In an interview with Wired News, Bob Wiederhold, President and CEO of Transitive Corporation said QuickTransit will allow the next-generation Xbox (which will have a POWER chip) to run first-generation Xbox software, which was written for an Intel chip.
http://media.teamxbox.com/dailyposts/quicktransit.gif
The first products available in the QuickTransit™ product line are:
QuickTransit for Opteron: with support for MIPS, POWER/PowerPC, and mainframe binaries
QuickTransit for x86: with support for MIPS, POWER/PowerPC and mainframe binaries
QuickTransit for POWER/PowerPC: with support for MIPS, x86, and mainframe binaries
QuickTransit for Itanium: with support for MIPS, POWER/PowerPC, x86, and mainframe binaries
How QuickTransit Works
QuickTransit utilizes a unique and patented modular architecture. It runs on top of the operating system, with no end user intervention. As a translated application runs, the QuickTransit “front-end decoder” reads in blocks of binary code and translates them into an intermediate representation (IR). An “optimization kernel” then optimizes the code represented in the IR, and a “back-end code generator” encodes the optimized blocks for the target processor and caches them. QuickTransit’s high performance comes from exploiting the fact that only 10% of the code in a typical application is executed 90% of the time. So, the optimizing kernel looks for frequently executed blocks of code and aggressively optimizes them as they are identified. The QuickTransit architecture is modular, allowing front-end decoders and back-end code generators to be easily mixed and matched for the source and target environment.

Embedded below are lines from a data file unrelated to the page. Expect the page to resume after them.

lemma chirp_has_derivative:
  assumes "x \<noteq> 0" shows "(chirp has_real_derivative chirp' x) (at x)"
proof -
  have "(chirp has_real_derivative
     4 * (2 * x) * sin (pi / (4 * x^2)) + 4 * x^2 * (cos (pi / (4 * x^2)) * (- (pi * (4 * (2*x))) / (4 * x^2)^2))) (at x)"
    unfolding chirp_def[abs_def] using assms by (intro derivative_eq_intros) (auto simp: power2_eq_square)
  also have "4 * (2 * x) * sin (pi / (4 * x^2)) + 4 * x^2 * (cos (pi / (4 * x^2)) * (- (pi * (4 * (2*x))) / (4 * x^2)^2)) = chirp' x"
    using assms unfolding chirp'_def by (simp add: field_simps power2_eq_square)
  finally show ?thesis .
qed

lemma abs_chirp_le: "\<bar>chirp x\<bar> \<le> 4 * x^2"
  unfolding chirp_def by (simp add: abs_mult mult_left_le)

lemma Phi_eq_chirp:
  "Phi x = (if 0 < x \<and> x \<le> 1/2 then chirp x else if 1/2 < x \<and> x < 1 then - chirp (1 - x) else 0)"
  unfolding Phi_def chirp_def by simp

lemma Phi_eq_0: "x \<le> 0 \<or> 1 \<le> x \<Longrightarrow> Phi x = 0"
  unfolding Phi_def by auto

lemma phi_eq_0: "x \<le> 0 \<or> 1 \<le> x \<Longrightarrow> phi x = 0"
  unfolding phi_def by auto

lemma Phi_reflect: "Phi (1 - x) = - Phi x"
proof (cases "x = 1/2")
  case True
  show ?thesis unfolding True by (simp add: Phi_def power2_eq_square)
qed (auto simp: Phi_def)

lemma phi_reflect: "phi (1 - x) = phi x"
proof (cases "x = 1/2")
  case True
  show ?thesis unfolding True by simp
qed (auto simp: phi_def)

lemma Phi_has_derivative_left: "y \<le> 1/2 \<Longrightarrow> (Phi has_real_derivative phi y) (at y)"
proof -
  assume "y \<le> 1/2"
  then consider "y < 0" | "y = 0" | "0 < y \<and> y < 1/2" | "y = 1/2" by linarith
  then show ?thesis
  proof cases
    case 1
    show ?thesis
      by (rule has_field_derivative_transform_within_open[of "\<lambda>_. 0" _ _ "{..<0}"])
         (use 1 in \<open>auto simp: phi_eq_0 Phi_eq_0\<close>)
  next
    case 2
    have "\<bar>Phi y\<bar> \<le> 4 * (y - 0)^2" for y
    proof (cases "1/2 < y \<and> y < 1")
      case True
      then have "(1 - y)^2 \<le> y^2" by (intro power_mono) auto
      moreover have "\<bar>Phi y\<bar> = \<bar>chirp (1 - y)\<bar>" using True by (simp add: Phi_eq_chirp)
      ultimately show ?thesis using abs_chirp_le[of "1 - y"] by simp
    qed (use abs_chirp_le[of y] in \<open>auto simp: Phi_eq_chirp\<close>)
    then show ?thesis
      using has_real_derivative_0_if_quadratic_bound[of Phi 4 0] 2 by (simp add: phi_eq_0 Phi_eq_0)
  next
    case 3
    then have "phi y = chirp' y" by (simp add: phi_def)
    moreover have "(Phi has_real_derivative chirp' y) (at y)"
      by (rule has_field_derivative_transform_within_open[OF chirp_has_derivative, of y "{0<..<1/2}"])
         (use 3 in \<open>auto simp: Phi_eq_chirp\<close>)
    ultimately show ?thesis by simp
  next
    case 4
    have chirp_half: "chirp (1/2) = 0"
      by (simp add: chirp_def power2_eq_square)
    have "(Phi has_real_derivative chirp' (1/2)) (at (1/2) within {..1/2})"
    proof (rule has_field_derivative_transform_within[where d="1/2"])
      show "(chirp has_real_derivative chirp' (1/2)) (at (1/2) within {..1/2})"
        by (rule has_field_derivative_at_within[OF chirp_has_derivative]) simp
    qed (auto simp: dist_real_def Phi_eq_chirp)
    moreover have "(Phi has_real_derivative chirp' (1/2)) (at (1/2) within {1/2..})"
    proof (rule has_field_derivative_transform_within[where d="1/2"])
      have "((\<lambda>x. - chirp (1 - x)) has_real_derivative - (chirp' (1 - 1/2) * - 1)) (at (1/2))"
        by (rule DERIV_minus, rule DERIV_chain2[OF chirp_has_derivative])
           (auto intro!: derivative_eq_intros)
      then show "((\<lambda>x. - chirp (1 - x)) has_real_derivative chirp' (1/2)) (at (1/2) within {1/2..})"
        by (auto intro: has_field_derivative_at_within)
      have "Phi x = - chirp (1 - x)" if "1/2 \<le> x" "x < 1" for x
      proof (cases "x = 1/2")
        case True
        show ?thesis unfolding True by (simp add: Phi_eq_chirp chirp_half)
      qed (use that in \<open>simp add: Phi_eq_chirp\<close>)
      then show "\<And>x. x \<in> {1/2..} \<Longrightarrow> dist x (1/2) < 1/2 \<Longrightarrow> - chirp (1 - x) = Phi x"
        by (simp add: dist_real_def)
    qed auto
    ultimately show ?thesis
      unfolding 4 by (simp add: has_real_derivative_split phi_def)
  qed
qed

QuickTransit products support applications written in any language including C, C++, Fortran, Cobol, Basic, Ada, Pascal, Modula, PL/1 and assembly language. QuickTransit products let software applications run on the target platform exactly as they run on the source platform, with 100% functionality. Graphics and interactive performance are transparent, and computational performance is 80% of what could be achieved with a native port, which is often higher performance than is available on the original platform. Today’s Itanium, Xeon™ or POWER processors, for example, offer 10 times the computational performance of mid-1990’s mainframes. Using QuickTransit software, today’s processors could run the unchanged mainframe applications 8 times faster.
The system resource overhead of the translation process is small. QuickTransit itself uses only 500 KB of memory and requires approximately 10-30 MB of additional memory for large server applications, or around 25% of program memory for smaller applications.
teamxbox (http://news.teamxbox.com/xbox/6754/Xbox-2-Backward-Compatibility-Update)
ok this is all very nice but i have a few points to make, first i dont think we can see it as being confirmed till the next xbox comes out because 1. microsoft haven’t said it themselves and they might end up denying it like they did when M-systems CEO said that the next xbox will not use a HDD and 2. this talks about emulation of the CPU, it does not mention anything about the emulation of the GPU as the xbox uses a custom (modified Geforce 3) GPU and the next xbox will most likely use a custom GPU based on the R480 or R500 maybe, and as xbox games are programmed specifically for the Nvidia GPU they specifically use all of its heavily patented graphics computational methods and so it has been thought by many industry experts that backwards compatibility would not be possible as it would breach a patent and unlike some company's you can bet Nvidia would sue them and then never stop fighting them, and last time Nvidia met Microsoft in the courts (what putt nvidia off them) Nvidia won
i also believe that this is one of the things Sony and Nvidia were talking about together a while back
enough of my rants, what does everybody else think?